Who knew?    We did, all along, or should have.

Because it’s obvious, and because: the exposés, the reports, the complete lack of evidence for effectiveness of treatment as usual (TAU), and the take-downs of a failed addiction treatment industry that is at best ineffective or harmful that have come in a steady stream for years: here, here, here and here, here, on websites, in books, in feature major media reports, in this ABC news special aired 15 years ago.


“What we simply need is a a nice bulldozer, so that we could level the entire industry and start from scratch . . . There’s no such thing as an evidence-based rehab. That’s because no matter what you do, the concept of rehab is flawed and unsupported by evidence.” 

– Dr.

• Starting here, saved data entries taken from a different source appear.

definition bipartisation :: "'a graph \<Rightarrow> 'a set \<Rightarrow> 'a set \<Rightarrow> 'a graph" where
  "bipartisation G A' B' = (verts G,
     {(u, v) \<in> edges G. (u \<in> A' \<and> v \<in> B') \<or> (u \<in> B' \<and> v \<in> A')})"

end

theory Submission
  imports Defs
begin

(* Let H = (A \<union> B, E) be bipartite and m = |B|.  Take a graph G in the
   class with a shattered set X of size at least (m+1)|A| + |B|, and identify
   inside X disjoint labelled copies  (i, a), i \<le> m, a \<in> A,  and markers  b \<in> B.
   For every b \<in> B shattering yields a vertex v b whose closed neighbourhood
   meets X exactly in the copies of the H-neighbours of b together with the
   marker of b; the markers force v to be injective.  The m vertices v b can meet
   at most m of the m+1 copies of A, so some copy i0 is untouched; the copy i0
   together with v ` B is then a "bipartite embedding" of H into G: two disjoint
   injective images whose cross edges are exactly those of H.  The induced
   subgraph of G on these vertices lies in the class, and H is its bipartisation. *)

lemma Inl_in_Plus [simp]: "Inl a \<in> A <+> B \<longleftrightarrow> a \<in> A"
  and Inr_in_Plus [simp]: "Inr b \<in> A <+> B \<longleftrightarrow> b \<in> B"
  by auto

lemma graph_iso_inv:
  assumes "graph_iso f G H"
  shows "graph_iso (inv_into (verts G) f) H G"
  unfolding graph_iso_def
proof (intro conjI ballI)
  have bij: "bij_betw f (verts G) (verts H)" using assms unfolding graph_iso_def by blast
  then show "bij_betw (inv_into (verts G) f) (verts H) (verts G)"
    by (rule bij_betw_inv_into)
  fix u w assume uw: "u \<in> verts H" "w \<in> verts H"
  then have "inv_into (verts G) f u \<in> verts G" "inv_into (verts G) f w \<in> verts G"
    "f (inv_into (verts G) f u) = u" "f (inv_into (verts G) f w) = w"
    using bij by (auto simp: bij_betw_def inv_into_into f_inv_into_f)
  then show "(u, w) \<in> edges H \<longleftrightarrow>
      (inv_into (verts G) f u, inv_into (verts G) f w) \<in> edges G"
    using assms unfolding graph_iso_def by metis
qed

text \<open>Edges inside either image are arbitrary.\<close>
definition bipartite_embedding ::
  "'b graph \<Rightarrow> 'b set \<Rightarrow> 'b set \<Rightarrow> 'a graph \<Rightarrow> ('b \<Rightarrow> 'a) \<Rightarrow> ('b \<Rightarrow> 'a) \<Rightarrow> bool" where
  "bipartite_embedding H A B G hA hB \<longleftrightarrow>
     inj_on hA A \<and> inj_on hB B \<and> hA ` A \<subseteq> verts G \<and> hB ` B \<subseteq> verts G
     \<and> hA ` A \<inter> hB ` B = {}
     \<and> (\<forall>a\<in>A. \<forall>b\<in>B. (hA a, hB b) \<in> edges G \<longleftrightarrow> (a, b) \<in> edges H)"

lemma bipartite_embedding_iso:
  assumes H: "bipartite_with H A B" and G: "is_graph G"
    and emb: "bipartite_embedding H A B G hA hB"
  defines "h \<equiv> \<lambda>x. if x \<in> A then hA x else hB x"
  shows "graph_iso h H (bipartisation (induced_subgraph G (hA ` A \<union> hB ` B)) (hA ` A) (hB ` B))"
proof -
  let ?A' = "hA ` A" and ?B' = "hB ` B"
  let ?G = "bipartisation (induced_subgraph G (?A' \<union> ?B')) ?A' ?B'"
  have AB: "A \<union> B = verts H" and disj: "A \<inter> B = {}"
    and Hbip: "\<And>u v. (u, v) \<in> edges H \<Longrightarrow> (u \<in> A \<and> v \<in> B) \<or> (u \<in> B \<and> v \<in> A)"
    and Hsym: "\<And>u v. (u, v) \<in> edges H \<Longrightarrow> (v, u) \<in> edges H"
    using H unfolding bipartite_with_def is_graph_def by blast+
  have Gsym: "\<And>u v. (u, v) \<in> edges G \<Longrightarrow> (v, u) \<in> edges G"
    using G unfolding is_graph_def by blast
  have injA: "inj_on hA A" and injB: "inj_on hB B" and sides: "?A' \<inter> ?B' = {}"
    and cross: "\<And>a b. a \<in> A \<Longrightarrow> b \<in> B \<Longrightarrow> (hA a, hB b) \<in> edges G \<longleftrightarrow> (a, b) \<in> edges H"
    using emb unfolding bipartite_embedding_def by blast+
  have hA: "h x = hA x" if "x \<in> A" for x using that unfolding h_def by simp
  have hB: "h x = hB x" if "x \<in> B" for x using that disj unfolding h_def by auto
  have hA': "h ` A = ?A'" and hB': "h ` B = ?B'" using hA hB by (auto cong: image_cong)
  have "inj_on h A" using inj_on_cong[of A h hA] hA injA by blast
  moreover have "inj_on h B" using inj_on_cong[of B h hB] hB injB by blast
  moreover have "h ` (A - B) \<inter> h ` (B - A) = {}"
    using hA' hB' sides by (metis Diff_subset image_mono Int_mono subset_empty)
  ultimately have inj: "inj_on h (A \<union> B)" by (simp add: inj_on_Un)
  have vG: "verts ?G = ?A' \<union> ?B'"
    unfolding bipartisation_def induced_subgraph_def verts_def by simp
  have eG: "(h x, h y) \<in> edges ?G \<longleftrightarrow> (h x, h y) \<in> edges G \<and>
      ((x \<in> A \<and> y \<in> B) \<or> (x \<in> B \<and> y \<in> A))" if "x \<in> A \<union> B" "y \<in> A \<union> B" for x y
    using that hA' hB' sides disj
    unfolding bipartisation_def induced_subgraph_def edges_def by (auto simp: image_iff)
  have edge: "(x, y) \<in> edges H \<longleftrightarrow> (h x, h y) \<in> edges ?G"
    if xy: "x \<in> A \<union> B" "y \<in> A \<union> B" for x y
  proof -
    consider "x \<in> A" "y \<in> B" | "x \<in> B" "y \<in> A" | "x \<in> A" "y \<in> A" | "x \<in> B" "y \<in> B"
      using xy by blast
    then show ?thesis
    proof cases
      case 1
      then show ?thesis using cross[OF 1] hA hB eG[OF xy] by simp
    next
      case 2
      then have "(x, y) \<in> edges H \<longleftrightarrow> (h y, h x) \<in> edges G"
        using cross[OF 2(2,1)] hA hB Hsym by auto
      then show ?thesis using 2 eG[OF xy] Gsym by blast
    next
      case 3
      then show ?thesis using eG[OF xy] Hbip disj by blast
    next
      case 4
      then show ?thesis using eG[OF xy] Hbip disj by blast
    qed
  qed
  show ?thesis
    unfolding graph_iso_def
  proof (intro conjI ballI)
    show "bij_betw h (verts H) (verts ?G)"
      using inj hA' hB' vG unfolding AB[symmetric] bij_betw_def by (simp add: image_Un)
    fix x y assume "x \<in> verts H" "y \<in> verts H"
    then show "(x, y) \<in> edges H \<longleftrightarrow> (h x, h y) \<in> edges ?G" using AB edge by blast
  qed
qed

lemma bipartite_embedding_bipartisation:
  assumes H: "bipartite_with H A B" and G: "is_graph G"
    and emb: "bipartite_embedding H A B G hA hB"
  shows "\<exists>f. graph_iso f (bipartisation (induced_subgraph G (hA ` A \<union> hB ` B)) (hA ` A) (hB ` B)) H
           \<and> f ` hA ` A = A \<and> f ` hB ` B = B"
proof -
  define h where "h = (\<lambda>x. if x \<in> A then hA x else hB x)"
  have iso: "graph_iso h H (bipartisation (induced_subgraph G (hA ` A \<union> hB ` B)) (hA ` A) (hB ` B))"
    using bipartite_embedding_iso[OF H G emb] unfolding h_def .
  have AB: "verts H = A \<union> B" and disj: "A \<inter> B = {}"
    using H unfolding bipartite_with_def by auto
  have inj: "inj_on h (A \<union> B)" using iso AB unfolding graph_iso_def bij_betw_def by simp
  have "h ` A = hA ` A" "h ` B = hB ` B"
    using disj unfolding h_def by (auto simp: image_iff)
  moreover have "inv_into (A \<union> B) h ` h ` S = S" if "S \<subseteq> A \<union> B" for S
    using inv_into_image_cancel[OF inj that] .
  ultimately show ?thesis
    using graph_iso_inv[OF iso] AB by (metis Un_upper1 Un_upper2)
qed

lemma shattered_transfer:
  assumes sh: "shattered G X" and "finite X" "finite D" "card D \<le> card X"
  obtains \<phi> where "inj_on \<phi> D" "\<phi> ` D \<subseteq> X"
    "\<And>S. S \<subseteq> D \<Longrightarrow> \<exists>w\<in>verts G. \<forall>d\<in>D. \<phi> d \<in> closed_nbhd G w \<longleftrightarrow> d \<in> S"
proof -
  obtain \<phi> where inj: "inj_on \<phi> D" and into: "\<phi> ` D \<subseteq> X"
    using card_le_inj[OF assms(3,2,4)] by blast
  have "\<exists>w\<in>verts G. \<forall>d\<in>D. \<phi> d \<in> closed_nbhd G w \<longleftrightarrow> d \<in> S" if "S \<subseteq> D" for S
  proof -
    obtain w where "w \<in> verts G" and w: "closed_nbhd G w \<inter> X = \<phi> ` S"
      using sh \<open>S \<subseteq> D\<close> into unfolding shattered_def by (meson image_mono order_trans)
    moreover have "\<phi> d \<in> closed_nbhd G w \<longleftrightarrow> d \<in> S" if "d \<in> D" for d
      using w into that inj_on_image_mem_iff[OF inj that \<open>S \<subseteq> D\<close>] by blast
    ultimately show ?thesis by blast
  qed
  with inj into that show thesis by blast
qed

lemma shattered_realise_family:
  assumes "shattered G X" "finite X" "finite D" "card D \<le> card X"
    and TD: "\<And>b. b \<in> B \<Longrightarrow> T b \<subseteq> D"
  obtains \<phi> v where "inj_on \<phi> D" "\<phi> ` D \<subseteq> X" "\<And>b. b \<in> B \<Longrightarrow> v b \<in> verts G"
    "\<And>b d. b \<in> B \<Longrightarrow> d \<in> D \<Longrightarrow> \<phi> d \<in> closed_nbhd G (v b) \<longleftrightarrow> d \<in> T b"
proof -
  obtain \<phi> where inj: "inj_on \<phi> D" and into: "\<phi> ` D \<subseteq> X"
    and cut: "\<And>S. S \<subseteq> D \<Longrightarrow> \<exists>w\<in>verts G. \<forall>d\<in>D. \<phi> d \<in> closed_nbhd G w \<longleftrightarrow> d \<in> S"
    using shattered_transfer[OF assms(1-4)] by blast
  have "\<forall>b\<in>B. \<exists>w. w \<in> verts G \<and> (\<forall>d\<in>D. \<phi> d \<in> closed_nbhd G w \<longleftrightarrow> d \<in> T b)"
  proof
    fix b assume "b \<in> B"
    from cut[OF TD[OF this]]
    show "\<exists>w. w \<in> verts G \<and> (\<forall>d\<in>D. \<phi> d \<in> closed_nbhd G w \<longleftrightarrow> d \<in> T b)" by blast
  qed
  then obtain v where "\<forall>b\<in>B. v b \<in> verts G \<and> (\<forall>d\<in>D. \<phi> d \<in> closed_nbhd G (v b) \<longleftrightarrow> d \<in> T b)"
    by (rule bchoice[THEN exE])
  with inj into that show thesis by blast
qed

lemma edge_iff_closed_nbhd:
  assumes "is_graph G" "u \<noteq> w"
  shows "(u, w) \<in> edges G \<longleftrightarrow> u \<in> closed_nbhd G w"
  using assms unfolding is_graph_def closed_nbhd_def by blast

lemma disjoint_family_avoids:
  assumes "finite S" "card S \<le> m"
    and disj: "\<And>i j. i \<le> m \<Longrightarrow> j \<le> m \<Longrightarrow> i \<noteq> j \<Longrightarrow> F i \<inter> F j = {}"
  shows "\<exists>i\<le>m. F i \<inter> S = {}"
proof (rule ccontr)
  assume "\<not> ?thesis"
  then have "\<forall>i\<in>{..m}. \<exists>s. s \<in> F i \<inter> S" by blast
  then obtain g where g: "\<And>i. i \<le> m \<Longrightarrow> g i \<in> F i \<inter> S" by (metis atMost_iff)
  have "inj_on g {..m}"
  proof (rule inj_onI)
    fix i j assume ij: "i \<in> {..m}" "j \<in> {..m}" "g i = g j"
    show "i = j"
    proof (rule ccontr)
      assume "i \<noteq> j"
      then have "F i \<inter> F j = {}" using disj ij by simp
      moreover have "g i \<in> F i \<inter> F j" using g ij by (metis Int_iff atMost_iff)
      ultimately show False by blast
    qed
  qed
  moreover have "g ` {..m} \<subseteq> S" using g by blast
  ultimately have "card {..m} \<le> card S" using \<open>finite S\<close> by (metis card_inj_on_le)
  then show False using assms(2) by simp
qed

Mark Willenbring, former director of treatment and recovery research at the National Institute of Alcohol Abuse and Alcoholism (NIAAA)

In another more detailed post, we’ll look at the four core elements – fake models and practices, harm-predicting policies based on folklore and ignorance – in the medically-managed treatment industries that have led at least one establishment authority to brand “rehab” as a failed treatment system without evidence for benefit.

Here, for now, let’s focus on one of those elements: the medically-driven treatment industry that allows “addiction professionals” often with about the same or less training than the Medical Assistant who takes your blood pressure, to independently provide diagnosis, treatment formulation, and direct treatment for the life-threatening compulsive use of substances, “addiction”, that is fueling a national epidemic.

Two things at least we can bank on: 1) a high-pitched backlash (or “counterargument”) to any suggestion that these systems are doing harm and engaging in criminal deceit – despite it being clear that they are – from an entitlement system that is a $35 billion dollar industry and 2) arguments to rationalize the fraudulent practices.

Let’s take a look at those reactions and begin a critical discourse.

Counterargument 1

But . . . it may well be argued, doctors and other licensed medical professionals – LMPs (like nurse practitioners NP and physician’s assistants PA) – treat the full range of medical conditions, so of course they need much more extensive education and training. Addiction professionals like CADCs or CDPs, in contrast, treat a relatively narrowly defined condition – “addiction”.

First, that’s not true on two counts.

1) Family practice or primary care provider LMPs are trained to refer to specialists when they diagnose or recognize conditions outside of their scope – a vast range of conditions they encounter.

2) More fundamentally, as we’ll see in additional posts and below in the next Counterargument, no one treats a condition known as “addiction” because it is clear that there is no such thing as “addiction”, no such disease, or medical condition, or disorder.

Instead, all relevant lines of evidence establish that “addiction” represents a compulsive behavior, a behavioral symptom, that is driven by some complex state of inner distress including memory, thoughts, emotional states, experienced stressors that is unique to each individual.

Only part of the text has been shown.